Nonprofits Need to Develop Their Missions Like Products for Customers, Says Author
March 4, 2012 | Read Time: 3 minutes
Charities could better serve needy people if they approached their missions in the same way businesses develop products, writes business consultant Sandra M. Bates in her new book, The Social Innovation Imperative: Create Winning Products, Services, and Programs That Solve Society’s Most Pressing Challenges. Ms. Bates discusses her ideas and what projects she finds promising in an interview with The Chronicle.
You note that Bill Gates says corporations are in the best position to bring about social good. Do you agree with him?
The ideal scenario is when you can get corporations to work with nonprofits, government agencies, and [nongovernmental organizations] because you’ve got expertise from the business world that is going to be providing some of the goods and services working in tandem with these other organizations that are more on the delivery side.
Companies realize they have got to be responsible for fixing the gap that has come between society and business and to fix that reputation that business has as being into nothing but money.
What prevents these collaborations from occurring more often?
The lack of a common language—a common language that will enable them to communicate better about what they’re trying to accomplish.
What are nonprofits not doing?
What’s missing is a structured approach to understanding the problem and then using that information to start generating ideas just the way a corporation would by creating product road maps. It’s a matter of taking the bigger picture and talking to all these different constituents, getting an understanding of their needs, and then creating a strategy.

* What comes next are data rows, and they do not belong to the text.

(* For all $m,n \in \mathbb{N}_0$, all words $v \in \mathbb{W}_m$ and $w \in \mathbb{W}_{m+n}$, \[ \mathbb{P}\{U_{m+n}= w \mid U_m= v\} = \binom{w}{v} \frac{n!\,n!}{(2m+1)(2m+2)\cdots(2(m+n))}. \]
   Context: For $n \in \mathbb{N}_0$, $\mathbb{W}_n$ denotes the set of words over the alphabet $\{a,b\}$ with exactly $n$ letters $a$ and $n$ letters $b$, and $\mathbb{W} := \bigsqcup_{n} \mathbb{W}_n$. For words $w,v$, $\binom{w}{v}$ denotes the number of occurrences of $v$ as a (not necessarily contiguous) sub-word of $w$, i.e. the number of strictly increasing maps $g:\{1,\dots,|v|\}\to\{1,\dots,|w|\}$ with $w_{g(k)}=v_k$ for all $k$. The Markov chain $(U_n)_{n\in\mathbb{N}_0}$ on $\mathbb{W}$ starts at $U_0=\emptyset$ (the empty word); given $U_n \in \mathbb{W}_n$, first a letter $a$ is inserted uniformly at random into one of the $2n+1$ slots of $U_n$, then a letter $b$ is inserted uniformly at random into one of the $2n+2$ slots of the resulting word, giving $U_{n+1}$. Equivalently, for $v\in\mathbb{W}_m$, $w\in\mathbb{W}_{m+1}$, $\mathbb{P}\{U_{m+1}=w\mid U_m=v\}=\binom{w}{v}/((2m+2)(2m+1))$. *)

theory Defs
  imports "HOL-Probability.Probability"
begin

datatype letter = A | B

type_synonym word = "letter list"

definition W :: "nat \<Rightarrow> word set" where
  "W n = {w. length (filter (\<lambda>x. x = A) w) = n \<and> length (filter (\<lambda>x. x = B) w) = n}"

text \<open>Number of occurrences of v as a (not necessarily contiguous) subword of w:
  number of strictly increasing maps g from positions of v to positions of w
  with matching letters (0-indexed; g is fixed to 0 outside the domain so that
  maps are counted as functions on the domain only).\<close>
definition subword_count :: "word \<Rightarrow> word \<Rightarrow> nat" where
  "subword_count w v = card {g :: nat \<Rightarrow> nat.
      (\<forall>k < length v. g k < length w \<and> w ! (g k) = v ! k) \<and>
      (\<forall>k. Suc k < length v \<longrightarrow> g k < g (Suc k)) \<and>
      (\<forall>k. length v \<le> k \<longrightarrow> g k = 0)}"

definition ins :: "nat \<Rightarrow> letter \<Rightarrow> word \<Rightarrow> word" where
  "ins i x w = take i w @ x # drop i w"

definition step :: "word \<Rightarrow> word pmf" where
  "step w = bind_pmf (pmf_of_set {0..length w}) (\<lambda>i.
             let w' = ins i A w in
             map_pmf (\<lambda>j. ins j B w') (pmf_of_set {0..length w'}))"

definition trans :: "nat \<Rightarrow> word \<Rightarrow> word pmf" where
  "trans n v = ((\<lambda>p. bind_pmf p step) ^^ n) (return_pmf v)"

definition U :: "nat \<Rightarrow> word pmf" where
  "U n = trans n []"

definition joint :: "nat \<Rightarrow> nat \<Rightarrow> (word \<times> word) pmf" where
  "joint m n = bind_pmf (U m) (\<lambda>v. map_pmf (\<lambda>w. (v, w)) (trans n v))"

definition cond_prob :: "nat \<Rightarrow> nat \<Rightarrow> word \<Rightarrow> word \<Rightarrow> real" where
  "cond_prob m n v w = pmf (joint m n) (v, w) / pmf (U m) v"

end

theory Submission
  imports Defs "HOL-Combinatorics.Multiset_Permutations"
begin

text \<open>
  If w has one a and one b more than u, the number of
  pairs of slots producing w equals the number of occurrences of u in w, so a step goes from u to w
  with probability binom(w,u)/((2k+1)(2k+2)), where 2k is the length of u. The n-step formula
  follows by induction on n from the identity
    sum over u of binom(w,u) binom(u,v) = binom(w,v) * product over letters x of
    C(#x(w) - #x(v), #x(u) - #x(v)),
  the sum ranging over all words u with prescribed letter counts #x(u); for v in W m, u in
  W (m + n) and w in W (m + n + 1) the product is (n + 1)^2.
\<close>

fun subseq_count :: "'a list \<Rightarrow> 'a list \<Rightarrow> nat" where
  "subseq_count w [] = 1"
| "subseq_count [] (y # v) = 0"
| "subseq_count (x # w) (y # v) =
     subseq_count w (y # v) + (if x = y then subseq_count w v else 0)"

lemma subseq_count_eq_0_if_longer: "length w < length v \<Longrightarrow> subseq_count w v = 0"
  by (induction w v rule: subseq_count.induct) auto

lemma subseq_count_same_length:
  "length w = length v \<Longrightarrow> subseq_count w v = (if w = v then 1 else 0)"
  by (induction w v rule: subseq_count.induct) (auto simp: subseq_count_eq_0_if_longer)

lemma mset_subseteq_if_subseq_count_nonzero:
  "subseq_count w v \<noteq> 0 \<Longrightarrow> mset v \<subseteq># mset w"
  by (induction w v rule: subseq_count.induct)
    (auto split: if_splits intro: subset_mset.trans subset_mset.less_imp_le dest: mset_subset_eq_insertD)
(* Under the model below, for all times $t\ge 0$ and every user $k$, $$\hat Q_k(t) - Q_k(t) \le 2M-1,$$ where $Q_k(t)$ and $\hat Q_k(t)$ are the queue lengths of user $k$ at time $t$, measured in packets, under GPS and MPGPS respectively.
   Context: Model. There are $K$ users (sessions) with separate FIFO queues, and $N$ servers (subcarriers), each transmitting $r$ bits per unit time, so the total service rate is $Nr$. All packets have the same length $L$ bits. Transmissions are error free. The same packet arrival sequence is fed to two systems, starting empty at time $0$. GPS (generalized processor sharing): a fluid system of total rate $Nr$; each user $k$ has a weight $\phi_k>0$, and at every instant each backlogged user $k$ is served at rate $Nr\,\phi_k/\sum_{j\in B}\phi_j$, where $B$ is the set of currently backlogged users. MPGPS (multi-server packetized GPS) with parameter $M\ge 1$: it is work conserving (servers are never idle while packets are queued). Whenever the servers become idle at a time $\tau$, among all packets queued at $\tau$ it selects the $\min\big(M,\sum_{k}\hat Q_k(\tau)\big)$ packets that would be the first to complete service in the corresponding GPS system if no further packets arrived after $\tau$. These selected packets form one batch; a batch of $M_h$ packets is transmitted jointly over all $N$ servers at aggregate rate $Nr$, occupying the servers for $M_hL/(Nr)$ time units. *)

theory Defs
  imports "HOL-Analysis.Analysis"
begin

text \<open>The arrival process is given by counting
functions: A k t = number of packets of user k that have arrived in [0,t].
Packets of user k are indexed 0,1,2,... in FIFO (arrival) order.\<close>

definition valid_arrivals :: "nat \<Rightarrow> (nat \<Rightarrow> real \<Rightarrow> nat) \<Rightarrow> bool" where
  "valid_arrivals K A \<longleftrightarrow>
     (\<forall>k<K. mono (A k) \<and> (\<forall>t<0. A k t = 0) \<and>
        (\<forall>t. \<exists>e>0. \<forall>s. t \<le> s \<and> s < t + e \<longrightarrow> A k s = A k t))"
(* For every input $\sigma$ of List Update with Delays and every time $t$, the total cost (access cost plus swaps plus delay cost) incurred by ALG up to time $t$ is at most $6\sum_{k=1}^m d_k(t)$.
   Context: List Update with Delays. A set $\mathbb{E}$ of $n$ elements is kept in an ordered list (position $1$ is the head). An input $\sigma$ is a sequence of requests $r_1,\dots,r_m$; request $r_k$ specifies an element $e_k\in\mathbb{E}$, an arrival time $a_k$ and a delay function $D_k$ which is non-negative, non-decreasing, and $0$ up to time $a_k$. An algorithm may perform an access up to position $i$ at cost $i$, serving every pending request whose element currently lies in positions $1,\dots,i$, and may swap adjacent elements at cost $1$; actions are instantaneous. A request served at time $s$ incurs delay cost $D_k(s)$. Cost = access + swaps + delay. Algorithm ALG maintains a request counter $RC_k$ for each request and an element counter $EC_e$ for each element, with $EC_e=0$ initially. When $r_k$ arrives, $RC_k$ is created with value $0$. While $r_k$ is pending in ALG, $RC_k$ and $EC_{e_k}$ each increase by exactly the delay $r_k$ incurs; after $r_k$ is served, $RC_k$ stops increasing until it is deleted. Events: (i) prefix-request-counters event on $\ell\in[n]$, occurring when the sum of the non-deleted request counters of requests whose elements are currently in positions $1,\dots,\ell$ reaches $\ell$: ALG accesses the first $\min(2\ell,n)$ positions and deletes the request counters of requests for the elements in the first $\ell$ positions; (ii) element-counter event on $e$, occurring when $EC_e$ reaches the current position $\ell$ of $e$: ALG accesses the first $\min(2\ell,n)$ positions, deletes all request counters of requests for $e$, sets $EC_e\leftarrow 0$, and moves $e$ to the front by $\ell-1$ adjacent swaps. For a request $r_k$ let $s_k$ be the time ALG serves it ($s_k=\infty$ if never). Define $d_k(t)=D_k(\min(t,s_k))$ (for $s_k=\infty$, $d_k(t)=D_k(t)$), the delay ALG has incurred on $r_k$ up to time $t$. *)

theory Defs
  imports Main "HOL-Library.Multiset" Complex_Main
begin

text \<open>Input: initial list L0 (distinct, length n), m requests indexed 0..<m with
  element el k, arrival time a k and delay function D k.
  A run of ALG up to horizon T is a finite list of events (time, event),
  sorted by time; the event list is processed in order (simultaneous events
  in list order).\<close>

datatype 'e lu_event = PrefixEv nat | ElemEv 'e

You’re now seeing chief innovation officers and people whose role it is to innovate. The nonprofit side could benefit from that type of a highly focused position, someone who’s going to pay attention to thinking, What do our customers really want? What do the people that we serve really want?
And grant makers?
This is a movement that has been around for quite some time but is very slow on the uptake. Grant makers need a clear understanding of what the issues are, in priority order—what are the needs of donors, what are the needs of targeted groups getting funding, how is that going to help. All of that needs to happen before the investment’s made.
What is an example of a nonprofit successfully taking a businesslike approach?
There’s starting to be a lot of creativity coming out of different organizations. There’s a water trust fund that the Nature Conservancy created that is a financial vehicle being used to manage water-conservation programs in Colombia. Their CEO is formerly an investment banker; he’s taking some of these ideas from the business world and applying them to the social sector.
Should nonprofits look to hire people who come from the business world?
There’s a fine line there. You don’t want to kill the culture of the nonprofit. More than anything, it’s the idea transference more so than the people transference.